Using your example of two weeks of wages the business recognizes the expense each day the employee worked. This is a liability to the business and they own the money to the employee for the day they worked. The pay check to the employee is just the accumulation of the build up wages for that employee that are finally paid in accordance to their payroll policy. The employee does not earn the income until they are paid.

This can be seen more clearly at the end of a year. If an employee works the two weeks before the end of the year the company if accrual will take the expense that year regardless of the year it is paid in. If the date on the employees check is December 31 this amount is included that that years W-2. If the check is dated January 1 then the two weeks wages are on the employees following years W-2.

If the business was instead a cash basis tax payer then the would recognize the expenses for the wages you in the year that they are paid. They would recognize income in the year it is received.

Maybe HiveOS will provide a 1099?

Better guidance from the IRS than a notice and FAQ would be helpful.

How is your identity connected to your mining operation?
You buy a miner, connect it to a pool and the pool sends your coins to a wallet.
If the wallet is private then your identity is not connected to those coins right?
So you can buy stuff without paying taxes?
Or you can transfer to some KYC operation, trade for cash and pay taxes at that time?

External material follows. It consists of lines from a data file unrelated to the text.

(* Let $R$, $G$, $*$, $\sigma$ and $\mathcal{S}$ be as in the context. If $\mathcal{S}$ is anticommutative, then $\operatorname{char}(R)=4$ or $\operatorname{char}(R)=8$.
   Context: Throughout, $R$ is a commutative ring with unity with $\operatorname{char}(R)\neq 2$, and $\mathcal{U}(R)$ is its unit group. $G$ is a group with an involution $*$, i.e. a map $x\mapsto x^*$ with $(xy)^*=y^*x^*$ and $(x^* )^*=x$. The map $\sigma:G\to\mathcal{U}(R)$ is a nontrivial group homomorphism with kernel $N=\ker\sigma$, and it is compatible with $*$: $xx^*\in N$ for all $x\in G$. The group ring $RG$ carries the involution $\left(\sum_{x\in G}\alpha_x x\right)^{\sigma*}=\sum_{x\in G}\sigma(x)\alpha_x x^*$. Write $G_*=\{x\in G: x^*=x\}$ and $N_*=G_*\cap N$. Let $\mathcal{S}$ be the $R$-submodule of $RG$ spanned by the union of the following three sets: - $2\mathcal{S}_1=\{2x: x\in N_*\}$; - $\mathcal{S}_2=\{\alpha x: x\in G_*\setminus N,\ \alpha\in R,\ \alpha(1-\sigma(x))=0\}$; - $\mathcal{S}_3=\{x+\sigma(x)x^*: x\in G\setminus G_*\}$. $\mathcal{S}$ is called anticommutative if $ab+ba=0$ for all $a,b\in\mathcal{S}$. *)

theory Defs
  imports "HOL-Algebra.Group"
begin

text \<open>Elements of the group ring RG are represented as functions g => r
(coefficient functions) with finite support contained in carrier G.\<close>

definition gr_basis :: "'g \<Rightarrow> ('g \<Rightarrow> 'r::comm_ring_1)" where
  "gr_basis x = (\<lambda>y. if y = x then 1 else 0)"

definition gr_smult :: "'r::comm_ring_1 \<Rightarrow> ('g \<Rightarrow> 'r) \<Rightarrow> ('g \<Rightarrow> 'r)" where
  "gr_smult c f = (\<lambda>y. c * f y)"

definition gr_add :: "('g \<Rightarrow> 'r::comm_ring_1) \<Rightarrow> ('g \<Rightarrow> 'r) \<Rightarrow> ('g \<Rightarrow> 'r)" where
  "gr_add f h = (\<lambda>y. f y + h y)"

definition gr_mult :: "('g, 'b) monoid_scheme \<Rightarrow> ('g \<Rightarrow> 'r::comm_ring_1) \<Rightarrow> ('g \<Rightarrow> 'r) \<Rightarrow> ('g \<Rightarrow> 'r)" where
  "gr_mult G a b = (\<lambda>z. \<Sum>(x, y) \<in> {(x, y). x \<in> carrier G \<and> y \<in> carrier G \<and> a x \<noteq> 0 \<and> b y \<noteq> 0
                                     \<and> x \<otimes>\<^bsub>G\<^esub> y = z}. a x * b y)"

definition is_involution :: "('g, 'b) monoid_scheme \<Rightarrow> ('g \<Rightarrow> 'g) \<Rightarrow> bool" where
  "is_involution G star \<longleftrightarrow>
     (\<forall>x \<in> carrier G. star x \<in> carrier G) \<and>
     (\<forall>x \<in> carrier G. \<forall>y \<in> carrier G. star (x \<otimes>\<^bsub>G\<^esub> y) = star y \<otimes>\<^bsub>G\<^esub> star x) \<and>
     (\<forall>x \<in> carrier G. star (star x) = x)"

definition unit_hom :: "('g, 'b) monoid_scheme \<Rightarrow> ('g \<Rightarrow> 'r::comm_ring_1) \<Rightarrow> bool" where
  "unit_hom G \<sigma> \<longleftrightarrow>
     (\<forall>x \<in> carrier G. \<sigma> x dvd 1) \<and>
     (\<forall>x \<in> carrier G. \<forall>y \<in> carrier G. \<sigma> (x \<otimes>\<^bsub>G\<^esub> y) = \<sigma> x * \<sigma> y)"

definition sym_elems :: "('g, 'b) monoid_scheme \<Rightarrow> ('g \<Rightarrow> 'g) \<Rightarrow> 'g set" where
  "sym_elems G star = {x \<in> carrier G. star x = x}"

definition ker_sigma :: "('g, 'b) monoid_scheme \<Rightarrow> ('g \<Rightarrow> 'r::comm_ring_1) \<Rightarrow> 'g set" where
  "ker_sigma G \<sigma> = {x \<in> carrier G. \<sigma> x = 1}"

definition S_gens :: "('g, 'b) monoid_scheme \<Rightarrow> ('g \<Rightarrow> 'g) \<Rightarrow> ('g \<Rightarrow> 'r::comm_ring_1) \<Rightarrow> ('g \<Rightarrow> 'r) set" where
  "S_gens G star \<sigma> =
     {gr_smult 2 (gr_basis x) | x. x \<in> sym_elems G star \<inter> ker_sigma G \<sigma>}
     \<union> {gr_smult \<alpha> (gr_basis x) | x \<alpha>. x \<in> sym_elems G star - ker_sigma G \<sigma> \<and> \<alpha> * (1 - \<sigma> x) = 0}
     \<union> {gr_add (gr_basis x) (gr_smult (\<sigma> x) (gr_basis (star x))) | x. x \<in> carrier G - sym_elems G star}"

inductive_set gr_span :: "('g \<Rightarrow> 'r::comm_ring_1) set \<Rightarrow> ('g \<Rightarrow> 'r) set" for A where
  zero: "(\<lambda>_. 0) \<in> gr_span A"
| gen: "a \<in> A \<Longrightarrow> a \<in> gr_span A"
| add: "a \<in> gr_span A \<Longrightarrow> b \<in> gr_span A \<Longrightarrow> gr_add a b \<in> gr_span A"
| smult: "a \<in> gr_span A \<Longrightarrow> gr_smult c a \<in> gr_span A"

definition S_set :: "('g, 'b) monoid_scheme \<Rightarrow> ('g \<Rightarrow> 'g) \<Rightarrow> ('g \<Rightarrow> 'r::comm_ring_1) \<Rightarrow> ('g \<Rightarrow> 'r) set" where
  "S_set G star \<sigma> = gr_span (S_gens G star \<sigma>)"

definition anticommutative :: "('g, 'b) monoid_scheme \<Rightarrow> ('g \<Rightarrow> 'r::comm_ring_1) set \<Rightarrow> bool" where
  "anticommutative G S \<longleftrightarrow>
     (\<forall>a \<in> S. \<forall>b \<in> S. gr_add (gr_mult G a b) (gr_mult G b a) = (\<lambda>_. 0))"

end

theory Submission
  imports Defs
begin

text \<open>The element \<open>2\<cdot>1\<close> lies in \<open>2\<S>\<^sub>1\<close>, since the identity is symmetric and in
  \<open>ker \<sigma>\<close>. Anticommutativity applied to \<open>a = b = 2\<cdot>1\<close> gives \<open>2 (2\<cdot>1)\<^sup>2 = 8\<cdot>1 = 0\<close>,
  so \<open>char R\<close> divides 8. As \<open>\<sigma>\<close> is nontrivial, \<open>R\<close> is not the zero ring, so
  \<open>char R \<noteq> 1\<close>; and \<open>char R \<noteq> 2\<close> by hypothesis.\<close>

lemma (in group) involution_one:
  assumes "is_involution G star"
  shows "star \<one> = \<one>"
proof -
  have star_one: "star \<one> \<in> carrier G"
    using assms unfolding is_involution_def by blast
  have "star \<one> \<otimes> star \<one> = star (\<one> \<otimes> \<one>)"
    using assms unfolding is_involution_def by (metis one_closed)
  also have "\<dots> = star \<one> \<otimes> \<one>"
    using star_one by simp
  finally show ?thesis
    using star_one by (metis l_cancel_one' one_closed)
qed

lemma gr_mult_smult_basis:
  assumes "x \<in> carrier G" "y \<in> carrier G"
  shows "gr_mult G (gr_smult c (gr_basis x)) (gr_smult d (gr_basis y))
           = gr_smult (c * d) (gr_basis (x \<otimes>\<^bsub>G\<^esub> y))"
proof
  fix z
  let ?a = "gr_smult c (gr_basis x)" and ?b = "gr_smult d (gr_basis y)"
  have "{(u, v). u \<in> carrier G \<and> v \<in> carrier G \<and> ?a u \<noteq> 0 \<and> ?b v \<noteq> 0 \<and> u \<otimes>\<^bsub>G\<^esub> v = z}
          = (if c \<noteq> 0 \<and> d \<noteq> 0 \<and> x \<otimes>\<^bsub>G\<^esub> y = z then {(x, y)} else {})"
    using assms by (auto simp: gr_smult_def gr_basis_def)
  then show "gr_mult G ?a ?b z = gr_smult (c * d) (gr_basis (x \<otimes>\<^bsub>G\<^esub> y)) z"
    by (auto simp: gr_mult_def gr_smult_def gr_basis_def)
qed

lemma two_basis_one_in_S_set:
  assumes "group G" "is_involution G star"
    and "\<forall>x \<in> carrier G. \<sigma> (x \<otimes>\<^bsub>G\<^esub> star x) = 1"
  shows "gr_smult 2 (gr_basis \<one>\<^bsub>G\<^esub>) \<in> S_set G star \<sigma>"
proof -
  interpret group G by fact
  have "star \<one>\<^bsub>G\<^esub> = \<one>\<^bsub>G\<^esub>"
    using assms(2) by (rule involution_one)
  moreover then have "\<sigma> \<one>\<^bsub>G\<^esub> = 1"
    using assms(3) by (metis one_closed l_one)
  ultimately have "gr_smult 2 (gr_basis \<one>\<^bsub>G\<^esub>) \<in> S_gens G star \<sigma>"
    unfolding S_gens_def sym_elems_def ker_sigma_def by auto
  then show ?thesis
    unfolding S_set_def by (rule gr_span.gen)
qed

lemma nat_dvd_8_cases:
  assumes "(c::nat) dvd 8"
  shows "c \<in> {1, 2, 4, 8}"
proof -
  have "c \<le> 8"
    using assms by (simp add: dvd_imp_le)
  then have "c \<in> {0, 1, 2, 3, 4, 5, 6, 7, 8}"
    by auto
  then show ?thesis
    using assms by auto
qed

lemma CHAR_eq_1_iff: "CHAR('a::comm_ring_1) = 1 \<longleftrightarrow> (1::'a) = 0"
  using of_nat_eq_0_iff_char_dvd[where n = 1 and 'a = 'a] by simp

theorem lemma3p2:
  fixes G :: "('g, 'b) monoid_scheme"
    and star :: "'g \<Rightarrow> 'g"
    and \<sigma> :: "'g \<Rightarrow> 'r::comm_ring_1"
  assumes "group G"
    and "CHAR('r) \<noteq> 2"
    and "is_involution G star"
    and "unit_hom G \<sigma>"
    and "\<exists>x \<in> carrier G. \<sigma> x \<noteq> 1"
    and "\<forall>x \<in> carrier G. \<sigma> (x \<otimes>\<^bsub>G\<^esub> star x) = 1"
    and "anticommutative G (S_set G star \<sigma>)"
  shows "CHAR('r) = 4 \<or> CHAR('r) = 8"
proof -
  interpret group G by fact
  define a :: "'g \<Rightarrow> 'r" where "a = gr_smult 2 (gr_basis \<one>\<^bsub>G\<^esub>)"
  have "a \<in> S_set G star \<sigma>"
    unfolding a_def using assms(1,3,6) by (rule two_basis_one_in_S_set)
  then have "gr_add (gr_mult G a a) (gr_mult G a a) \<one>\<^bsub>G\<^esub> = 0"
    using assms(7) unfolding anticommutative_def by simp
  moreover have "gr_mult G a a = gr_smult 4 (gr_basis \<one>\<^bsub>G\<^esub>)"
    unfolding a_def by (simp add: gr_mult_smult_basis)
  ultimately have "of_nat 8 = (0::'r)"
    by (simp add: gr_add_def gr_smult_def gr_basis_def)
  then have "CHAR('r) \<in> {1, 2, 4, 8}"
    by (simp only: of_nat_eq_0_iff_char_dvd nat_dvd_8_cases)
  moreover have "CHAR('r) \<noteq> 1"
    using assms(5) by (metis CHAR_eq_1_iff mult_1 mult_zero_left)
  ultimately show ?thesis
    using assms(2) by auto
qed

end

I agree, but I doubt they will provide it. Guidance will
Come through court cases and appeals

This is a great way to get in trouble. At least in the US.

When a coin is minted it becomes part of the blockchain. The blockchain records all movement and you can also find the entire amount held in a wallet. At any time a coin hit anyplace with KYC you have created a trail that can be followed electronically and physically back to the point it was created. People make mistakes and leave a much larger digital and physical fingerprint then they think they do.

Tax and law enforcement agencies can track the movement of crypto.

In the end people will do what they do and think they can do. Breaking the law is still breaking the law even if you don’t know you are breaking the law.